Fig. 4.

ErbB2ΔEx16 transforms immortalized epithelial cells and confers resistance to ErbB2 kinase inhibition compared to ERBB2-FL. (A) RLE-6TN cells stably expressing ERBB2 isoforms were treated with Afatinib at the indicated concentrations or DMSO (vehicle). After 24 h, cell lysates were immunoblotted with the indicated antibodies. (B) RLE-6TN stable cell lines as in A were treated with the indicated concentrations of Afatinib or with DMSO, and their proliferation was monitored by image-based analysis of cell confluency. Data shown are mean fold increase in confluency at 72 h posttreatment relative to the beginning of the assay (t = 0), +/− SEM, and are representative of two independent experiments, each with six replicates per condition. **P < 0.01, unpaired Student’s t test of RLE-6TN/ERBB2-FL vs.
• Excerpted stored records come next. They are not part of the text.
(* Let $G=\{1,\dots,d\}^m$ and let $A\subseteq G$ satisfy $\mathsf{DAff}(A)=A$. If $\frac{|A|}{d^m}\ge\frac12$, then $$\dim\mathsf{Aff}(G)-\dim\mathsf{Aff}(A)\le 2d\,\frac{d^m-|A|}{d^m}.$$
   Context: For $z\in G$, $\sigma(z)\in\{0,1\}^{md}$ is the concatenation of the one-hot encodings of $z_1,\dots,z_m$. For $A\subseteq G$, $\mathsf{Aff}(A)\subseteq\mathbb{R}^{md}$ is the affine hull of $\{\sigma(z):z\in A\}$, and $\mathsf{DAff}(A)=\{z\in G:\sigma(z)\in\mathsf{Aff}(A)\}$ is the discrete affine hull. *)

theory Defs
  imports "HOL-Analysis.Analysis"
begin

text \<open>The grid G = [d]^m is rendered as the type of all functions 'm \<Rightarrow> 'd,
  where 'm is a finite type with m = CARD('m) elements (coordinates) and
  'd is a finite type with d = CARD('d) elements (the alphabet {1..d}).\<close>

definition sigma :: "('m::finite \<Rightarrow> 'd::finite) \<Rightarrow> real ^ ('m \<times> 'd)" where
  "sigma z = (\<chi> p. if z (fst p) = snd p then 1 else 0)"

definition Aff :: "('m::finite \<Rightarrow> 'd::finite) set \<Rightarrow> (real ^ ('m \<times> 'd)) set" where
  "Aff A = affine hull (sigma ` A)"

definition DAff :: "('m::finite \<Rightarrow> 'd::finite) set \<Rightarrow> ('m \<Rightarrow> 'd) set" where
  "DAff A = {z. sigma z \<in> Aff A}"

end

theory Submission
  imports Defs
begin

(* Induction on the number k of free coordinates. Fix a free coordinate i and let t be the
   number of values z i takes on A. By pigeonhole the largest fibre A_b = {z : z i = b} has
   M >= |A|/t >= N/2 points, where N = d^(k-1) is the size of its subgrid, so induction
   applies to A_b. One point from each of the other t - 1 fibres raises the affine dimension
   by t - 1, each being the only point with a 1 at the one-hot position (i, z i). Hence the
   deficit (d - 1) k - dim Aff(A) exceeds that of A_b by at most d - t <= 2 (d - t) M / N,
   and deficit(A) * N <= 2 d (N - M) + 2 (d - t) M <= 2 (d N - |A|).
   For k = m this is the claim, as dim Aff(G) <= (d - 1) m: each sigma z - sigma z0 is a sum
   of m differences of unit vectors. *)

lemma card_le_card_image_mult_fiber:
  assumes "finite A" "A \<noteq> {}"
  obtains b where "b \<in> f ` A" "card A \<le> card (f ` A) * card {x\<in>A. f x = b}"
proof -
  let ?n = "\<lambda>b. card {x\<in>A. f x = b}"
  have "Max (?n ` f ` A) \<in> ?n ` f ` A"
    using assms by (intro Max_in) auto
  then obtain b where b: "Max (?n ` f ` A) = ?n b" "b \<in> f ` A"
    by (rule imageE)
  have max: "?n c \<le> ?n b" if "c \<in> f ` A" for c
    unfolding b(1)[symmetric] using assms that by (intro Max_ge) auto
  have "card A = (\<Sum>c\<in>f ` A. ?n c)"
    using sum.image_gen[OF assms(1), of "\<lambda>_. 1 :: nat" f] by simp
  also have "\<dots> \<le> card (f ` A) * ?n b"
    using sum_bounded_above[of "f ` A" ?n "?n b"] max by simp
  finally show thesis
    using that b(2) by blast
qed

lemma sigma_component [simp]: "sigma z $ p = (if z (fst p) = snd p then 1 else 0)"
  by (simp add: sigma_def)

lemma sigma_eq_sum_axis:
  fixes z :: "'m::finite \<Rightarrow> 'd::finite"
  shows "sigma z = (\<Sum>j\<in>UNIV. axis (j, z j) (1::real))"
proof (rule vec_eq_iff[THEN iffD2, rule_format])
  fix p :: "'m \<times> 'd"
  have "(\<Sum>j\<in>UNIV. axis (j, z j) (1::real) $ p)
      = (\<Sum>j\<in>UNIV. if j = fst p then (if z (fst p) = snd p then 1 else 0) else 0)"
    by (rule sum.cong) (auto simp: axis_def)
  then show "sigma z $ p = (\<Sum>j\<in>UNIV. axis (j, z j) 1) $ p"
    by (simp add: sum_component)
qed

lemma aff_dim_sigma_UNIV_le:
  "aff_dim (range (sigma :: ('m::finite \<Rightarrow> 'd::finite) \<Rightarrow> _)) \<le> (int CARD('d) - 1) * int CARD('m)"
proof -
  fix z0 :: "'m \<Rightarrow> 'd"
  define D where "D = (SIGMA j:UNIV. UNIV - {z0 j})"
  define B where "B = (\<lambda>(j, c). axis (j, c) (1::real) - axis (j, z0 j) 1) ` D"
  have "axis (j, z j) 1 - axis (j, z0 j) 1 \<in> span B" for z j
    by (cases "z j = z0 j") (auto simp: B_def D_def span_zero intro!: span_base)
  then have "sigma z - sigma z0 \<in> span B" for z
    by (simp add: sigma_eq_sum_axis flip: sum_subtractf) (intro span_sum)
  then have "(+) (- sigma z0) ` range sigma \<subseteq> span B"
    by auto
  then have "dim ((+) (- sigma z0) ` range sigma) \<le> card B"
    by (rule dim_le_card) (simp add: B_def D_def)
  also have "card B \<le> card D"
    unfolding B_def by (rule card_image_le) (simp add: D_def)
  also have "card D = (CARD('d) - 1) * CARD('m)"
    by (simp add: D_def card_Diff_singleton)
  also have "int ((CARD('d) - 1) * CARD('m)) = (int CARD('d) - 1) * int CARD('m)"
    using of_nat_diff[of 1 "CARD('d)"] by (simp add: Suc_le_eq)
  finally show ?thesis
    by (subst aff_dim_eq_dim[of "sigma z0"]) (auto simp: hull_inc)
qed

lemma aff_dim_sigma_union_new_values:
  fixes S F :: "('m::finite \<Rightarrow> 'd::finite) set"
  assumes "finite F" "inj_on (\<lambda>w. w i) F" "\<forall>w\<in>F. \<forall>z\<in>S. w i \<noteq> z i"
  shows "aff_dim (sigma ` (S \<union> F)) = aff_dim (sigma ` S) + int (card F)"
  using assms
proof (induction F rule: finite_induct)
  case empty
  then show ?case by simp
next
  case (insert w F)
  let ?H = "{x :: real ^ ('m \<times> 'd). x $ (i, w i) = 0}"
  have "sigma ` (S \<union> F) \<subseteq> ?H"
    using insert by (auto simp: inj_on_def)
  moreover have "affine ?H"
    using affine_hyperplane[of "axis (i, w i) 1" 0] by (simp add: cart_eq_inner_axis inner_commute)
  ultimately have "affine hull (sigma ` (S \<union> F)) \<subseteq> ?H"
    by (rule hull_minimal)
  then have "sigma w \<notin> affine hull (sigma ` (S \<union> F))"
    by auto
  moreover have "aff_dim (sigma ` (S \<union> F)) = aff_dim (sigma ` S) + int (card F)"
    using insert by simp
  moreover have "sigma ` (S \<union> insert w F) = insert (sigma w) (sigma ` (S \<union> F))"
    by blast
  ultimately show ?case
    using insert.hyps by (simp add: aff_dim_insert)
qed

lemma aff_dim_sigma_fiber:
  fixes A :: "('m::finite \<Rightarrow> 'd::finite) set"
  assumes "b \<in> (\<lambda>z. z i) ` A"
  shows "aff_dim (sigma ` {z\<in>A. z i = b}) + int (card ((\<lambda>z. z i) ` A)) - 1 \<le> aff_dim (sigma ` A)"
proof -
  let ?V = "(\<lambda>z. z i) ` A - {b}"
  define R where "R = inv_into A (\<lambda>z. z i) ` ?V"
  have "R \<subseteq> A"
    unfolding R_def by (auto intro: inv_into_into)
  have values_R: "(\<lambda>z. z i) ` R = ?V"
    unfolding R_def by (rule image_inv_into_cancel) auto
  have card_R: "card R = card ?V"
    unfolding R_def by (rule card_image, rule inj_on_inv_into) auto
  have "aff_dim (sigma ` ({z\<in>A. z i = b} \<union> R)) = aff_dim (sigma ` {z\<in>A. z i = b}) + int (card R)"
  proof (rule aff_dim_sigma_union_new_values)
    show "inj_on (\<lambda>w. w i) R"
      using values_R card_R by (simp add: inj_on_iff_eq_card)
    show "\<forall>w\<in>R. \<forall>z\<in>{z\<in>A. z i = b}. w i \<noteq> z i"
      using values_R by blast
  qed simp
  also have "int (card R) = int (card ((\<lambda>z. z i) ` A)) - 1"
  proof -
    have "(\<lambda>z. z i) ` A \<noteq> {}"
      using assms by blast
    then have "0 < card ((\<lambda>z. z i) ` A)"
      by (simp add: card_gt_0_iff)
    then show ?thesis
      using assms by (simp add: card_R card_Diff_singleton of_nat_diff)
  qed
  finally have "aff_dim (sigma ` ({z\<in>A. z i = b} \<union> R))
      = aff_dim (sigma ` {z\<in>A. z i = b}) + int (card ((\<lambda>z. z i) ` A)) - 1"
    by simp
  moreover have "aff_dim (sigma ` ({z\<in>A. z i = b} \<union> R)) \<le> aff_dim (sigma ` A)"
    using \<open>R \<subseteq> A\<close> by (intro aff_dim_subset image_mono) auto
  ultimately show ?thesis
    by linarith
qed

definition subgrid :: "'m set \<Rightarrow> ('m \<Rightarrow> 'd) \<Rightarrow> ('m \<Rightarrow> 'd) set" where
  "subgrid I z0 = {z. \<forall>j. j \<notin> I \<longrightarrow> z j = z0 j}"

lemma aff_dim_sigma_lower_bound_subgrid:
  fixes A :: "('m::finite \<Rightarrow> 'd::finite) set"
  assumes "A \<subseteq> subgrid I z0" "real CARD('d) ^ card I \<le> 2 * real (card A)"
  shows "((real CARD('d) - 1) * real (card I) - aff_dim (sigma ` A)) * real CARD('d) ^ card I
         \<le> 2 * real CARD('d) * (real CARD('d) ^ card I - real (card A))"
  using finite[of I] assms
proof (induction I arbitrary: z0 A rule: finite_induct)
  case empty
  then have "A \<noteq> {}"
    by (cases "A = {}") auto
  moreover have "A \<subseteq> {z0}"
    using empty.prems(1) by (auto simp: subgrid_def)
  ultimately have "A = {z0}"
    by blast
  then show ?case
    by simp
next
  case (insert i I)
  let ?d = "real CARD('d)" and ?N = "real CARD('d) ^ card I" and ?V = "(\<lambda>z. z i) ` A"
  have "0 < real CARD('d) ^ card (insert i I)"
    by simp
  with insert.prems(2) have "A \<noteq> {}"
    by (metis card.empty of_nat_0 mult_zero_right not_le)
  then obtain b where b: "b \<in> ?V" and fiber: "card A \<le> card ?V * card {z\<in>A. z i = b}"
    by (rule card_le_card_image_mult_fiber[OF finite])
  define Ab where "Ab = {z\<in>A. z i = b}"
  have V_le: "card ?V \<le> CARD('d)"
    by (rule card_mono) auto
  have "?d * ?N \<le> 2 * real (card A)"
    using insert.prems(2) insert.hyps by simp
  also have "\<dots> \<le> 2 * real (card ?V) * real (card Ab)"
    using fiber by (simp add: Ab_def flip: of_nat_mult)
  also have "\<dots> \<le> 2 * ?d * real (card Ab)"
    using V_le by (simp add: mult_right_mono)
  finally have N_le: "?N \<le> 2 * real (card Ab)"
    by simp
  have "Ab \<subseteq> subgrid I (z0(i := b))"
    using insert.prems(1) insert.hyps by (auto simp: Ab_def subgrid_def)
  from insert.IH[OF this N_le]
  have IH: "((?d - 1) * card I - aff_dim (sigma ` Ab)) * ?N \<le> 2 * ?d * (?N - card Ab)" .
  have dim: "aff_dim (sigma ` Ab) + real (card ?V) - 1 \<le> aff_dim (sigma ` A)"
    using aff_dim_sigma_fiber[OF b] unfolding Ab_def by linarith
  have "(?d - 1) * card (insert i I) - aff_dim (sigma ` A)
      \<le> ((?d - 1) * card I - aff_dim (sigma ` Ab)) + (?d - card ?V)"
    using dim insert.hyps by (simp add: distrib_left)
  then have "((?d - 1) * card (insert i I) - aff_dim (sigma ` A)) * ?N
      \<le> (((?d - 1) * card I - aff_dim (sigma ` Ab)) + (?d - card ?V)) * ?N"
    by (rule mult_right_mono) simp
  also have "\<dots> \<le> 2 * ?d * (?N - card Ab) + (?d - card ?V) * (2 * card Ab)"
    unfolding distrib_right using IH N_le V_le by (intro add_mono mult_left_mono) auto
  also have "\<dots> = 2 * (?d * ?N - card ?V * card Ab)"
    by (simp add: algebra_simps)
  also have "\<dots> \<le> 2 * (?d * ?N - card A)"
    using fiber by (simp add: Ab_def flip: of_nat_mult)
  finally have "?d * (((?d - 1) * card (insert i I) - aff_dim (sigma ` A)) * ?N)
      \<le> ?d * (2 * (?d * ?N - card A))"
    by (rule mult_left_mono) simp
  moreover have "real CARD('d) ^ card (insert i I) = ?d * ?N"
    using insert.hyps by simp
  ultimately show ?case
    by (simp only: mult_ac)
qed

theorem lemma3:
  fixes A :: "('m::finite \<Rightarrow> 'd::finite) set"
  assumes "DAff A = A"
    and "real (card A) / real CARD('d) ^ CARD('m) \<ge> 1 / 2"
  shows "real_of_int (aff_dim (Aff (UNIV :: ('m \<Rightarrow> 'd) set))) - real_of_int (aff_dim (Aff A))
         \<le> 2 * real CARD('d) * ((real CARD('d) ^ CARD('m) - real (card A)) / real CARD('d) ^ CARD('m))"
proof -
  let ?d = "real CARD('d)" and ?N = "real CARD('d) ^ CARD('m)"
  have "A \<subseteq> subgrid UNIV undefined"
    by (simp add: subgrid_def)
  moreover have "?N \<le> 2 * real (card A)"
    using assms(2) by (simp add: field_simps)
  ultimately have lower: "((?d - 1) * CARD('m) - aff_dim (sigma ` A)) * ?N \<le> 2 * ?d * (?N - card A)"
    using aff_dim_sigma_lower_bound_subgrid[of A UNIV] by simp
  have "real_of_int (aff_dim (range (sigma :: ('m \<Rightarrow> 'd) \<Rightarrow> _)))
      \<le> real_of_int ((int CARD('d) - 1) * int CARD('m))"
    using aff_dim_sigma_UNIV_le by (simp only: of_int_le_iff)
  then have "(aff_dim (range (sigma :: ('m \<Rightarrow> 'd) \<Rightarrow> _)) - aff_dim (sigma ` A)) * ?N
      \<le> ((?d - 1) * CARD('m) - aff_dim (sigma ` A)) * ?N"
    by (intro mult_right_mono) simp_all
  then have "(aff_dim (range (sigma :: ('m \<Rightarrow> 'd) \<Rightarrow> _)) - aff_dim (sigma ` A)) * ?N
      \<le> 2 * ?d * (?N - card A)"
    using lower by (rule order_trans)
  then show ?thesis
    unfolding Aff_def aff_dim_affine_hull by (simp add: pos_le_divide_eq)
qed

end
RLE-6TN/ERBB2ΔEx16 for each condition. For both cell lines, proliferation at each concentration of Afatinib was significantly (P < 0.01) lower than the DMSO control. (C and D) RLE-6TN stable cell lines were treated with the indicated concentrations of Afatinib or DMSO for 24 h, and immunofluorescence was used to quantify cell cycle progression (C, EdU incorporation) and apoptosis (D, cleaved Caspase-3 immunostaining) with normalization to the DMSO control. Data are the mean +/− SEM of six replicates. *P < 0.05, **P < 0.01, unpaired Student’s t test of RLE-6TN/ERBB2-FL vs. RLE-6TN/ERBB2ΔEx16 for each condition. (E) Cell lysates from MCF10-A cells stably expressing ERBB2 isoforms were immunoblotted with the indicated antibodies. (F and G) Anchorage-independent growth potential was assessed by soft agar assay of MCF10A cells expressing ERBB2 isoforms. Cells were stained with MTT and photographed after 2 wk (F), and colony number and size were quantified (G). Data are represented as mean ± SD. **P < 0.01, ****P < 0.0001, unpaired Student’s t test.